Circuit Breaker pattern

Azure

Handle faults that might take a variable amount of time to recover from, when connecting to a remote service or resource. This pattern can improve the stability and resiliency of an application.

Context and problem

In a distributed environment, calls to remote resources and services can fail due to transient faults, such as slow network connections, time-outs, or the resources being overcommitted or temporarily unavailable. These faults typically correct themselves after a short period of time, and a robust cloud application should be prepared to handle them by using a strategy such as the Retry pattern.

However, there can also be situations where faults are due to unanticipated events, and that might take much longer to fix. These faults can range in severity from a partial loss of connectivity to the complete failure of a service. In these situations, it might be pointless for an application to continually retry an operation that is unlikely to succeed, and instead the application should quickly accept that the operation has failed and handle this failure accordingly.

Additionally, if a service is very busy, failure in one part of the system might lead to cascading failures. For example, an operation that invokes a service could be configured to implement a time-out, and reply with a failure message if the service fails to respond within this period. However, this strategy could cause many concurrent requests to the same operation to be blocked until the time-out period expires. These blocked requests might hold critical system resources such as memory, threads, database connections, and so on. So, these resources could become exhausted, causing failure of other possibly unrelated parts of the system that need to use the same resources. In these situations, it would be preferable for the operation to fail immediately, and only attempt to invoke the service if it's likely to succeed. Setting a shorter time-out might help to resolve this problem, but the time-out shouldn't be so short that the operation fails most of the time, even if the request to the service would eventually succeed.

Solution

The Circuit Breaker pattern can prevent an application from repeatedly trying to execute an operation that's likely to fail. Allowing it to continue without waiting for the fault to be fixed or wasting CPU cycles while it determines that the fault is long lasting. The Circuit Breaker pattern also enables an application to detect whether the fault has been resolved. If the problem appears to have been fixed, the application can try to invoke the operation.

The purpose of the Circuit Breaker pattern is different than the Retry pattern. The Retry pattern enables an application to retry an operation in the expectation that it'll succeed. The Circuit Breaker pattern prevents an application from performing an operation that is likely to fail. An application can combine these two patterns by using the Retry pattern to invoke an operation through a circuit breaker. However, the retry logic should be sensitive to any exceptions returned by the circuit breaker and abandon retry attempts if the circuit breaker indicates that a fault is not transient.

A circuit breaker acts as a proxy for operations that might fail.
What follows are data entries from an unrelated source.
lemma end_stabilizer_fixes_ray:
  assumes h: "h \<in> end_stabilizer G \<xi>" and "h (r 0) = r 0"
  shows "h (r n) = r n"
proof -
  have "h \<circ> r \<in> \<xi>"
    using h ray_in_ray_class[OF ray] unfolding end_stabilizer_def end_action_def by blast
  then show ?thesis using tree_aut_fixes_ray[OF tree ray] GD(1) h assms(2)
    unfolding end_stabilizer_def by blast
qed

lemma compact_open_subgroupD:
  assumes "compact_open_subgroup E G L"
  shows "subgroup L (aut_group E)" "L \<subseteq> G" "openin (subtopology (aut_top E) G) L"
    "finite (orbit L u)"
  using assms finite_orbit_if_compactin[of E L] unfolding compact_open_subgroup_def by blast+

lemma compact_open_subgroup_fixator:
  assumes "v0 \<in> P" and "finite P"
  shows "compact_open_subgroup E G (G \<inter> fixator P)"
proof -
  note H = subgroup_aut_group_Int_fixator[OF subgroup_G, of P]
  have "openin (subtopology (aut_top E) G) (G \<inter> fixator P)"
    using subgroup_aut_groupD(3)[OF H]
    by (intro openin_if_fixator_subset[OF subgroup_G _ _ assms(2)]) auto
  then show ?thesis
    unfolding compact_open_subgroup_def using H compactin_fixator[OF tree lf G assms(1)] by blast
qed

lemma fixator_subset_if_open:
  assumes "openin (subtopology (aut_top E) G) S" and "subgroup S (aut_group E)"
  obtains F where "finite F" "G \<inter> fixator F \<subseteq> S"
proof -
  have "G \<subseteq> carrier (aut_group E)" using GD(1) by auto
  from fixator_subset_if_openin[OF this assms(1) subgroup_aut_groupD(2)[OF assms(2)]]
  show ?thesis using that .
qed

definition ray_fixator :: "('v \<Rightarrow> 'v) set" where
  "ray_fixator = G \<inter> fixator (range r)"

lemma compactin_ray_fixator: "compactin (aut_top E) ray_fixator"
  unfolding ray_fixator_def by (rule compactin_fixator[OF tree lf G rangeI])

text \<open>g^n maps the ray into itself: this is where the direction of translation enters.\<close>
lemma conj_inv_ray_fixator:
  assumes "h \<in> ray_fixator"
  shows "fun_inv (g ^^ n) \<circ> h \<circ> (g ^^ n) \<in> ray_fixator"
proof -
  have "fun_inv (g ^^ n) \<circ> h \<circ> (g ^^ n) \<in> G"
    using assms GD(3,4) g_funpow_in_G unfolding ray_fixator_def by blast
  moreover have "(fun_inv (g ^^ n) \<circ> h \<circ> (g ^^ n)) (r m) = r m" for m
    using assms tree_aut_inv_f[OF tree_aut_g_funpow, of n "r m"]
    unfolding ray_fixator_def by (simp add: g_funpow_ray)
  ultimately show ?thesis unfolding ray_fixator_def by auto
qed

lemma orbit_conj_pow_g:
  "orbit (conj_pow E g n K) (r (n * k)) = (g ^^ n) ` orbit K (r 0)"
proof -
  have "fun_inv (g ^^ n) (r (n * k)) = r 0"
    using tree_aut_inv_f[OF tree_aut_g_funpow, of n "r 0"] by (simp add: g_funpow_ray)
  then show ?thesis unfolding conj_pow_g_eq by (simp add: image_image)
qed

lemma subgroup_Int_conj_pow:
  assumes "subgroup L (aut_group E)"
  shows "subgroup (L \<inter> conj_pow E g n L) (aut_group E)"
  unfolding conj_pow_g_eq
  by (rule group.subgroups_Inter_pair[OF group_aut_group assms
        subgroup_aut_group_conj[OF assms tree_aut_g_funpow]])

lemma index_conj_pow_le:
  assumes L: "compact_open_subgroup E G L"
  obtains F where "finite F"
    "\<And>n. finite (right_cosets (L \<inter> conj_pow E g n L) L)"
    "\<And>n. card (right_cosets (L \<inter> conj_pow E g n L) L) \<le> (\<Prod>u\<in>F. card (orbit L ((g ^^ n) u)))"
proof -
  note LD = compact_open_subgroupD[OF L] and LsD = subgroup_aut_groupD[OF compact_open_subgroupD(1)[OF L]]
  obtain F where F: "finite F" "G \<inter> fixator F \<subseteq> L" using fixator_subset_if_open[OF LD(3,1)] .
  have "finite (right_cosets (L \<inter> conj_pow E g n L) L) \<and>
      card (right_cosets (L \<inter> conj_pow E g n L) L) \<le> (\<Prod>u\<in>F. card (orbit L ((g ^^ n) u)))" for n
  proof -
    let ?H = "L \<inter> fixator ((g ^^ n) ` F)"
    have sub: "?H \<subseteq> L \<inter> conj_pow E g n L"
    proof
      fix h assume h: "h \<in> ?H"
      let ?k = "fun_inv (g ^^ n) \<circ> h \<circ> (g ^^ n)"
      have "?k \<in> G" using GD(3,4) g_funpow_in_G h LD(2) by blast
      moreover have "?k \<in> fixator F" using h tree_aut_inv_f[OF tree_aut_g_funpow] by simp
      ultimately have "?k \<in> L" using F(2) by blast
      then show "h \<in> L \<inter> conj_pow E g n L"
        using h conj_pow_g_conj[OF LsD(1), of h n] unfolding conj_pow_g_eq by blast
    qed
    have fF: "finite ((g ^^ n) ` F)" using F(1) by simp
    note fix_bound = card_right_cosets_fixator_le[OF LD(1) fF LD(4)]
    note mono = card_right_cosets_le_subgroup[OF subgroup_Int_conj_pow[OF LD(1)]
        subgroup_aut_group_Int_fixator[OF LD(1)] sub fix_bound(1)]
    have inj: "inj_on (g ^^ n) F"
      using tree_aut_g_funpow[of n] by (auto simp: tree_aut_def bij_def intro: inj_on_subset)
    have "card (right_cosets (L \<inter> conj_pow E g n L) L) \<le>
        (\<Prod>u\<in>(g ^^ n) ` F. card (orbit L u))"
      using mono(2) fix_bound(2) by (rule le_trans)
    also have "\<dots> = (\<Prod>u\<in>F. card (orbit L ((g ^^ n) u)))" by (simp add: prod.reindex[OF inj])
    finally show ?thesis using mono(1) by blast
  qed
  with F(1) show ?thesis using that by blast
qed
The proxy should monitor the number of recent failures that have occurred, and use this information to decide whether to allow the operation to proceed, or return an exception immediately.

The proxy can be implemented as a state machine with the following states that mimic the functionality of an electrical circuit breaker:

  • Closed: The request from the application is routed to the operation. The proxy maintains a count of the number of recent failures, and if the call to the operation is unsuccessful the proxy increments this count. If the number of recent failures exceeds a specified threshold within a given time period, the proxy is placed into the Open state. At this point the proxy starts a time-out timer, and when this timer expires the proxy is placed into the Half-Open state.

    The purpose of the time-out timer is to give the system time to fix the problem that caused the failure before allowing the application to try to perform the operation again.

  • Open: The request from the application fails immediately and an exception is returned to the application.

  • Half-Open: A limited number of requests from the application are allowed to pass through and invoke the operation. If these requests are successful, it's assumed that the fault that was previously causing the failure has been fixed and the circuit breaker switches to the Closed state (the failure counter is reset). If any request fails, the circuit breaker assumes that the fault is still present so it reverts to the Open state and restarts the time-out timer to give the system a further period of time to recover from the failure.

    The Half-Open state is useful to prevent a recovering service from suddenly being flooded with requests. As a service recovers, it might be able to support a limited volume of requests until the recovery is complete, but while recovery is in progress a flood of work can cause the service to time out or fail again.

Circuit Breaker states

In the figure, the failure counter used by the Closed state is time based. It's automatically reset at periodic intervals. This design helps to prevent the circuit breaker from entering the Open state if it experiences occasional failures. The failure threshold that trips the circuit breaker into the Open state is only reached when a specified number of failures have occurred during a specified interval. The counter used by the Half-Open state records the number of successful attempts to invoke the operation. The circuit breaker reverts to the Closed state after a specified number of consecutive operation invocations have been successful. If any invocation fails, the circuit breaker enters the Open state immediately and the success counter will be reset the next time it enters the Half-Open state.

How the system recovers is handled externally, possibly by restoring or restarting a failed component or repairing a network connection.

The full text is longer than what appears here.